Choosing a size & a pose

Here is some information on choosing a suitable size of portrait, and some considerations for deciding on what sort of pose you might want for your subject.

Size options

You’ll find a list of typical sizes on the prices page, to give you a guide to the cost of a portrait. However I can also work to a particular size you may have in mind (for instance if you are matching another portrait or want to fill an existing frame). If so please get in touch and I can give you a quote.

The smallest available size is 10 x 12 inches which is a similar size to A4 but a little wider, to give a more pleasing proportion. Any smaller than this would really be too fiddly for me to draw or paint (for my European customers, 10 x 12 inches is approximately 25.5 by 30.5 cm. The prices page shows metric conversions, and I’m happy to standardise any size to metric if you prefer)

I usually advise that for a head-and-shoulder portrait of a single child, the 10 x 12 inch size is amply big enough. You could also consider a 12 inch square which is a nice shape for this type of upper body portrait. Remember that when your drawing or painting is framed the mount (mat) will add quite a lot of size to the portrait.

If you prefer a larger portrait – maybe for a portrait of a teenager or an adult – you could go to the next size up of 14 x 16 inches (similar to A3 but a little wider) or a square of similar size. For a whole body portrait I would suggest choosing the 14 x 16 inch size so that the face isn’t too fiddly for me to achieve a good likeness. I wouldn’t advise going larger than this for a single subject however, unless you particularly want a big statement piece. This is because I have a general rule of thumb that the subject’s head shouldn’t appear larger than it is in reality.

If you want two subjects within the same portrait you’ll need at least a 14 x 16 inch format so I can include enough detail, and for three subjects you’ll need at least the 16 x 23 inch size.

Choosing the pose

When it comes to choosing the pose for your subject there’s no right or wrong answer and it’s really completely a personal choice as to how you want to see your subject represented. If that subject is your child, what aspect of their character do you want to see? Do you want to select a photo that captures a particular expression that you know very well?

Child portrait pose
Child portrait pose

Some people will simply want to choose a favourite photograph for me to work from where their child is looking straight ahead and smiling.

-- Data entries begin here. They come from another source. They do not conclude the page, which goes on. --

lemma rho_basis_eq_sum_split_term: "rho_basis D Ss M = sum (split_term D M) (row_splits D Ss)"
  unfolding rho_basis_def split_term_def split_monomial_def ..

lemma col_eq_map: "col As s = map (\<lambda>R. R!s) As"
  unfolding col_def by (rule nth_equalityI) auto

lemma pairwise_disj_Cons: "pairwise_disj (A # As) \<Longrightarrow> A \<inter> \<Union> (set As) = {}"
  unfolding pairwise_disj_def by (fastforce simp: in_set_conv_nth)

lemma split_term_nonzero_imp_columns:
  assumes "split_term D M As \<noteq> (0::'a::comm_ring_1)"
  shows "(\<forall>s<ns_d D. pairwise_disj (col As s)) \<and> split_monomial D As = M"
proof (intro conjI allI impI)
  show "split_monomial D As = M"
    using assms unfolding split_term_def by (auto split: if_splits)
  fix s assume s: "s < ns_d D"
  show "pairwise_disj (col As s)"
  proof (rule ccontr)
    assume "\<not> pairwise_disj (col As s)"
    then have "wedge_coeff (col As s) = (0::'a)" unfolding wedge_coeff_def by simp
    then have "(\<Prod>s<ns_d D. wedge_coeff (col As s)) = (0::'a)" using s by (intro prod_zero) auto
    with assms show False unfolding split_term_def by simp
  qed
qed

lemma finite_row_splits:
  assumes "\<forall>i<length D. finite (Ss!i)"
  shows "finite (row_splits D Ss)"
proof -
  define U where "U = (\<Union>i<length D. Ss!i)"
  define Rows where "Rows = {R. set R \<subseteq> Pow U \<and> length R = ns_d D}"
  have "row_splits D Ss \<subseteq> {As. set As \<subseteq> Rows \<and> length As = length D}"
    unfolding row_splits_def Rows_def U_def by (fastforce simp: in_set_conv_nth)
  moreover have "finite Rows"
    unfolding Rows_def U_def using assms by (intro finite_lists_length_eq) auto
  then have "finite {As. set As \<subseteq> Rows \<and> length As = length D}"
    by (rule finite_lists_length_eq)
  ultimately show ?thesis by (rule finite_subset)
qed

definition subsets_of_card :: "nat set \<Rightarrow> nat \<Rightarrow> nat set list" where
  "subsets_of_card A e = filter (\<lambda>B. card B = e) (map set (subseqs (sorted_list_of_set A)))"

Others prefer a more thoughtful and contemplative look that captures the child in a quiet moment. This can be a nice way to capture something that’s a little different to a photograph and looks quite artistic. You could consider a pose looking downwards, looking off in a three quarter view, or looking back over the shoulder. Browsing through the drawing gallery will show you various examples.

I’ve also drawn a number of portraits of children with a favourite pet or a favourite toy, and this can also be a nice way to represent a child’s sensitive side.